Understanding Fundamental Analysis
Fundamental Analysis (FA) is a strategy employed by investors and traders in an attempt to establish the intrinsic value of an asset or business.
Fundamental Analysis (FA) is a strategy employed by investors and traders in an attempt to establish the intrinsic value of an asset or business. Fundamental analysts use publicly available information to study a business's internal and external factors (micro and macro factors) to understand whether a business is overvalued or undervalued.
Basics of Fundamental Analysis?
Analysts create different models to determine the estimated value of a company’s share price or a cryptocurrency’s coin price. The estimated value arrived through FA is referred to as the intrinsic value. There are two main models for approaching FA:
Bottom-up Approach: With this model, the analyst selects the company or project they would like to invest in and starts by looking at the company’s earnings, balance sheet, financial health, company structure & management, etc.; these are considered micro factors. Then they zoom out and compare the company’s performance against other companies within the same industry or sector. The analyst may further zoom out to consider the general economic position, like the rate of inflation, interest rates, or imminent political and regulatory decisions that may affect the broader market.
Top-down Approach: With this model, analysts follow the same procedure as with a bottom-up model but in the inverse direction. Therefore, the analyst would begin their investigation by looking at the broader market, then narrow it down to a specific sector and industry. Finally, they will pick a company to analyze before investing.
Moreover, when conducting FA, there are two main sets of data that analysts collect:
Qualitative data: These values are usually intangible and not measurable by numbers. The indicators include quality of management (board, directors, executives), brand recognition, and intellectual property, among others.
Quantitative data: This data can be measured and represented by numbers with great precision. This is usually represented by revenue, profit, assets, P/E ratio, etc.
Fundamental Analysis and cryptocurrencies
FA with cryptocurrencies generally carries the same idea and motive as analyzing with traditional investments (stocks, bonds, commodities, etc.). Although crypto projects are structured slightly differently from traditional stocks; thus the terminology and indicators may vary.
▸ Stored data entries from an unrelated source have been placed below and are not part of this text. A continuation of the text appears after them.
(* Let $S=\{(x_1,x_2)\in\mathbb{R}^2:x_1\ge0,\ x_1^2-x_2^3\ge0\}$ and $\tilde S^{o}=\{(x_0,x_1,x_2):x_1\ge0,\ x_0x_1^2-x_2^3\ge0,\ x_0>0\}$, $\tilde S^{c}=\{(x_0,x_1,x_2):x_1\ge0,\ x_0x_1^2-x_2^3\ge0,\ x_0\ge0\}$. Then $\overline{\tilde S^{o}}=\tilde S^{c}$ (so $S$ is closed at $\infty$), the linear form $2X_0+2X_1-3X_2$ is positive on $\mathrm{conv}(\overline{\tilde S^{o}})\setminus\{0\}$ (so $\mathrm{conv}(\overline{\tilde S^{o}})$ is closed and pointed), and consequently, with $\tilde G=\{X_1,X_0X_1^2-X_2^3,X_0,X_0^2+X_1^2+X_2^2-1,1-X_0^2-X_1^2-X_2^2\}$, $\overline{\mathrm{conv}(S)}=\bigcap_{k\ge1}\widetilde{\mathrm{TH}}_k(\tilde G)$.
   Context: For a finite set $H$ of polynomials, $\mathcal{Q}_k(H)=\{\sum_{j}\sigma_jh_j:h_0=1,\ \sigma_j\text{ sums of squares},\ \deg(\sigma_jh_j)\le2k\}$. $\widetilde{\mathrm{TH}}_k(\tilde G)=\{(x_1,x_2):\tilde l(1,x_1,x_2)\ge0\ \forall\tilde l\in\mathcal{Q}_k(\tilde G)\text{ that is a linear form in }(X_0,X_1,X_2)\text{ or }0\}$. A closed convex cone $K$ is pointed if $K\cap(-K)=\{0\}$. *)

theory Defs
  imports "HOL-Analysis.Analysis" "HOL-Library.Poly_Mapping" "HOL-Library.Product_Plus"
begin

text \<open>A monomial
 X0^a * X1^b * X2^c is represented by its exponent triple (a,b,c); a polynomial
 is a finitely supported map from exponent triples to real coefficients.
 Multiplication is the convolution product of Poly_Mapping.\<close>

type_synonym poly3 = "(nat \<times> nat \<times> nat) \<Rightarrow>\<^sub>0 real"

definition X0 :: poly3 where "X0 = Poly_Mapping.single (1,0,0) 1"
definition X1 :: poly3 where "X1 = Poly_Mapping.single (0,1,0) 1"
definition X2 :: poly3 where "X2 = Poly_Mapping.single (0,0,1) 1"

definition mdeg :: "nat \<times> nat \<times> nat \<Rightarrow> nat" where
  "mdeg m = (case m of (a,b,c) \<Rightarrow> a + b + c)"

text \<open>Total degree (the zero polynomial gets degree 0).\<close>
definition pdeg :: "poly3 \<Rightarrow> nat" where
  "pdeg p = Max (insert 0 (mdeg ` Poly_Mapping.keys p))"

definition peval :: "poly3 \<Rightarrow> real \<times> real \<times> real \<Rightarrow> real" where
  "peval p x = (case x of (x0,x1,x2) \<Rightarrow>
     (\<Sum>m\<in>Poly_Mapping.keys p. case m of (a,b,c) \<Rightarrow>
        Poly_Mapping.lookup p m * x0^a * x1^b * x2^c))"

definition is_sos :: "poly3 \<Rightarrow> bool" where
  "is_sos \<sigma> \<longleftrightarrow> (\<exists>qs. \<sigma> = sum_list (map (\<lambda>q. q * q) qs))"

definition quadmod :: "nat \<Rightarrow> poly3 set \<Rightarrow> poly3 set" where
  "quadmod k H = {p. \<exists>\<sigma>0 \<sigma>. is_sos \<sigma>0 \<and> pdeg \<sigma>0 \<le> 2*k \<and>
      (\<forall>h\<in>H. is_sos (\<sigma> h) \<and> pdeg (\<sigma> h * h) \<le> 2*k) \<and>
      p = \<sigma>0 + (\<Sum>h\<in>H. \<sigma> h * h)}"

text \<open>Linear forms in X0,X1,X2 (homogeneous of degree 1), including 0.\<close>
definition is_linform :: "poly3 \<Rightarrow> bool" where
  "is_linform l \<longleftrightarrow> (\<forall>m\<in>Poly_Mapping.keys l. mdeg m = 1)"

definition THk :: "nat \<Rightarrow> poly3 set \<Rightarrow> (real \<times> real) set" where
  "THk k G = {(x1,x2). \<forall>l\<in>quadmod k G. is_linform l \<longrightarrow> peval l (1,x1,x2) \<ge> 0}"

definition S :: "(real \<times> real) set" where
  "S = {(x1,x2). x1 \<ge> 0 \<and> x1^2 - x2^3 \<ge> 0}"

definition St_open :: "(real \<times> real \<times> real) set" where
  "St_open = {(x0,x1,x2). x1 \<ge> 0 \<and> x0 * x1^2 - x2^3 \<ge> 0 \<and> x0 > 0}"

definition St_closed :: "(real \<times> real \<times> real) set" where
  "St_closed = {(x0,x1,x2). x1 \<ge> 0 \<and> x0 * x1^2 - x2^3 \<ge> 0 \<and> x0 \<ge> 0}"
(* Let $F_t$, $t\in[0,1]$, be a one-parameter family on a complete metric space $(\mathbb X,d)$ satisfying (H1) and (H2), and suppose $f_{(i_*,1)}$ is an isometry for some $i_*\in\{1,\dots,N\}$. (a) If an upper transition attractor $A^\bullet$ exists, then $f_{(i_*,1)}(A^\bullet)=A^\bullet$. (b) If moreover (H3) holds and the lower transition attractor $A_\bullet$ exists and is compact, then $f_{(i_*,1)}(A_\bullet)=A_\bullet$.
   Context: Let $(\mathbb X,d)$ be a complete metric space. A one-parameter family is $F_t=\{f_{(1,t)},\dots,f_{(N,t)}\}$, $t\in[0,1]$, $N\ge2$, of continuous self-maps of $\mathbb X$. $\mathrm{Lip}(f,d)=\sup_{x\ne y}d(f(x),f(y))/d(x,y)$ and $\mathrm{Lip}(F_t,d)=\max_i\mathrm{Lip}(f_{(i,t)},d)$. Conditions: (H1) for every $x\in\mathbb X$ and every $i$, the map $t\mapsto f_{(i,t)}(x)$ is continuous on $[0,1]$; (H2) $\mathrm{Lip}(F_t,d)<1$ for all $t\in[0,1)$; (H3) for each $i$ the limit $q_i=\lim_{t\to1^-}q_{i,t}$ exists, where $q_{i,t}$ is the unique fixed point of $f_{(i,t)}$ for $t\in[0,1)$; $Q=\{q_1,\dots,q_N\}$. For an IFS $F$ and $S\subseteq\mathbb X$, $F(S)=\overline{\bigcup_{f\in F}f(S)}$. For $t\in[0,1)$, $A_t$ is the attractor of $F_t$, the unique nonempty compact set with $F_t(A_t)=A_t$. With $h$ the Hausdorff metric, an upper transition attractor is a compact set $A^\bullet$ for which there is an increasing sequence $t_n\in[0,1)$, $t_n\to1$, with $h(A_{t_n},A^\bullet)\to0$. The lower transition attractor is the smallest (w.r.t. inclusion) set $A_\bullet$ with $F_1(A_\bullet)=A_\bullet$ and $Q\subseteq A_\bullet$. *)

theory Defs
  imports "HOL-Analysis.Analysis"
begin

text \<open>A one-parameter family is given by f :: nat => real => 'a => 'a,
  where f i t is the map f_(i,t), for i in {1..N} and t in [0,1].\<close>

definition Lip :: "('a::metric_space \<Rightarrow> 'a) \<Rightarrow> ereal" where
  "Lip g = (SUP p \<in> {(x,y). x \<noteq> y}. ereal (dist (g (fst p)) (g (snd p)) / dist (fst p) (snd p)))"

definition LipF :: "(nat \<Rightarrow> real \<Rightarrow> 'a::metric_space \<Rightarrow> 'a) \<Rightarrow> nat \<Rightarrow> real \<Rightarrow> ereal" where
  "LipF f N t = Max ((\<lambda>i. Lip (f i t)) ` {1..N})"

definition hutch :: "(nat \<Rightarrow> real \<Rightarrow> 'a::metric_space \<Rightarrow> 'a) \<Rightarrow> nat \<Rightarrow> real \<Rightarrow> 'a set \<Rightarrow> 'a set" where
  "hutch f N t S = closure (\<Union>i\<in>{1..N}. f i t ` S)"

definition attractor :: "(nat \<Rightarrow> real \<Rightarrow> 'a::metric_space \<Rightarrow> 'a) \<Rightarrow> nat \<Rightarrow> real \<Rightarrow> 'a set" where
  "attractor f N t = (THE A. A \<noteq> {} \<and> compact A \<and> hutch f N t A = A)"

definition hausdist :: "'a::metric_space set \<Rightarrow> 'a set \<Rightarrow> real" where
  "hausdist A B = max (SUP a\<in>A. infdist a B) (SUP b\<in>B. infdist b A)"

definition upper_TA :: "(nat \<Rightarrow> real \<Rightarrow> 'a::metric_space \<Rightarrow> 'a) \<Rightarrow> nat \<Rightarrow> 'a set \<Rightarrow> bool" where
  "upper_TA f N A \<longleftrightarrow> compact A \<and>
     (\<exists>tn::nat \<Rightarrow> real. mono tn \<and> (\<forall>n. 0 \<le> tn n \<and> tn n < 1) \<and> tn \<longlonglongrightarrow> 1 \<and>
        (\<lambda>n. hausdist (attractor f N (tn n)) A) \<longlonglongrightarrow> 0)"

definition fixpt :: "(nat \<Rightarrow> real \<Rightarrow> 'a \<Rightarrow> 'a) \<Rightarrow> nat \<Rightarrow> real \<Rightarrow> 'a" where
  "fixpt f i t = (THE x. f i t x = x)"

definition H1 :: "(nat \<Rightarrow> real \<Rightarrow> 'a::topological_space \<Rightarrow> 'a) \<Rightarrow> nat \<Rightarrow> bool" where
  "H1 f N \<longleftrightarrow> (\<forall>x. \<forall>i\<in>{1..N}. continuous_on {0..1} (\<lambda>t. f i t x))"

definition H2 :: "(nat \<Rightarrow> real \<Rightarrow> 'a::metric_space \<Rightarrow> 'a) \<Rightarrow> nat \<Rightarrow> bool" where
  "H2 f N \<longleftrightarrow> (\<forall>t\<in>{0..<1}. LipF f N t < 1)"
(* Let $\Theta=\{1,2\}$, let $P_1,\dots,P_m$ be experiments, and let $(A,u)$ be a decision problem with $A=\{a_1,\dots,a_n\}$ satisfying: $u(1,a_1)<\cdots<u(1,a_n)$; $u(2,a_1)>\cdots>u(2,a_n)$; $u(\cdot,a_1)=(0,0)$; and no $a_i$ is weakly*-dominated (there is no $\alpha\in\Delta(A\setminus\{a_i\})$ with $u(\cdot,a_i)\le u(\cdot,\alpha)$ componentwise). Let $(A_1^*,u_1^* ),\dots,(A_{n-1}^*,u_{n-1}^* )$ be the canonical decomposition of $(A,u)$ and, for each $\ell$, let $\sigma_\ell^*:\mathbf Y\to\Delta(A_\ell^* )$ be robustly optimal for $(A_\ell^*,u_\ell^* )$. Then: (1) $V(P_1,\dots,P_m;(A,u))=\sum_{\ell=1}^{n-1}\max_{j=1,\dots,m}V(P_j;(A_\ell^*,u_\ell^* ))$; (2) there exists $\sigma^*:\mathbf Y\to\Delta(A)$ with $u(\sigma^*(\mathbf y))\ge\sum_{\ell=1}^{n-1}u_\ell^*(\sigma_\ell^*(\mathbf y))$ for all $\mathbf y\in\mathbf Y$, and every such $\sigma^*$ is robustly optimal for $(A,u)$.
   Context: $\Theta$ is a finite set of states. A decision problem is a pair $(A,u)$ with $A$ a finite nonempty action set and $u:\Theta\times A\to\mathbb{R}$; for $\alpha\in\Delta(A)$ write $u(\theta,\alpha)=\sum_a\alpha(a)u(\theta,a)$ and $u(\alpha)=(u(\theta,\alpha))_{\theta}$; vector inequalities are componentwise. An experiment is a map $P:\Theta\to\Delta(Y)$ with $Y$ a finite signal set. Given experiments $P_j:\Theta\to\Delta(Y_j)$, $j=1,\dots,m$, let $\mathbf Y=Y_1\times\cdots\times Y_m$ and let $\mathcal P(P_1,\dots,P_m)$ be the set of experiments $P:\Theta\to\Delta(\mathbf Y)$ whose $j$-th marginal is $P_j(\cdot|\theta)$ for every $\theta$ and $j$. A strategy is a map $\sigma:\mathbf Y\to\Delta(A)$. Define $V(P_1,\dots,P_m;(A,u))=\max_{\sigma}\min_{P\in\mathcal P(P_1,\dots,P_m)}\sum_{\theta}\sum_{\mathbf y}P(\mathbf y|\theta)u(\theta,\sigma(\mathbf y))$, and call a maximizing $\sigma$ robustly optimal for $(A,u)$; for $m=1$, $V(P;(A,u))=\max_{\sigma:Y\to\Delta(A)}\sum_\theta\sum_y P(y|\theta)u(\theta,\sigma(y))$. For $(A,u)$ with actions ordered $a_1,\dots,a_n$ as in the claim, its canonical decomposition is the collection of $n-1$ binary-action problems $(A_\ell^*,u_\ell^* )$, $\ell=1,\dots,n-1$, with $A_\ell^*=\{0,1\}$, $u_\ell^*(\cdot,0)=(0,0)$ and $u_\ell^*(\cdot,1)=u(\cdot,a_{\ell+1})-u(\cdot,a_\ell)$. *)

theory Defs
  imports Main "HOL-Library.FuncSet" Complex_Main
begin

definition is_dist :: "'x set \<Rightarrow> ('x \<Rightarrow> real) \<Rightarrow> bool" where
  "is_dist S p \<longleftrightarrow> (\<forall>x\<in>S. 0 \<le> p x) \<and> sum p S = 1"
Whitepaper: A white paper is almost the equivalent of a prospectus provided by traditional companies. It provides a roadmap, project goals, use cases, and technology. It may also be supplemented with research that provides an insight into how the project will be made possible.
Team & Developers: It is also important to consider the people behind the project. One may ask questions such as, what are the member's track records and experience in cryptocurrency? What are their skill sets? The performance of their past projects. Essentially, one should try to know the people behind the project.
Active addresses: Blockchain technology offers a new level of transparency, such as being able to view the people active on a network. Looking at the number of active addresses and transactions on a specific blockchain can reveal information about network activity and utility.
Tokenomics: These mainly consider the economic structure of a project, including values of; Total Value Locked (TVL), Network Value to Transactions (NTV), Market Capitalization against Fully Diluted Market Capitalization, and Circulating Supply over Max Supply, among others.
Pros and Cons of fundamental analysis
Pro
FA mental analysis is beneficial in the long term as it considers multiple bases that affect a project. Hence, it enables investors to identify undervalued projects that, if invested early, can bring an x100 return on investment. Moreover, it is the strategy adopted by the most successful investors, such as Warren Buffet and Benjamin Graham.
Con
On the other hand, FA can be time-consuming because it involves a wide range of factors to consider. Additionally, the wide range of factors includes analyzing micro and macro factors simultaneously; this can be complicated, especially for novice investors.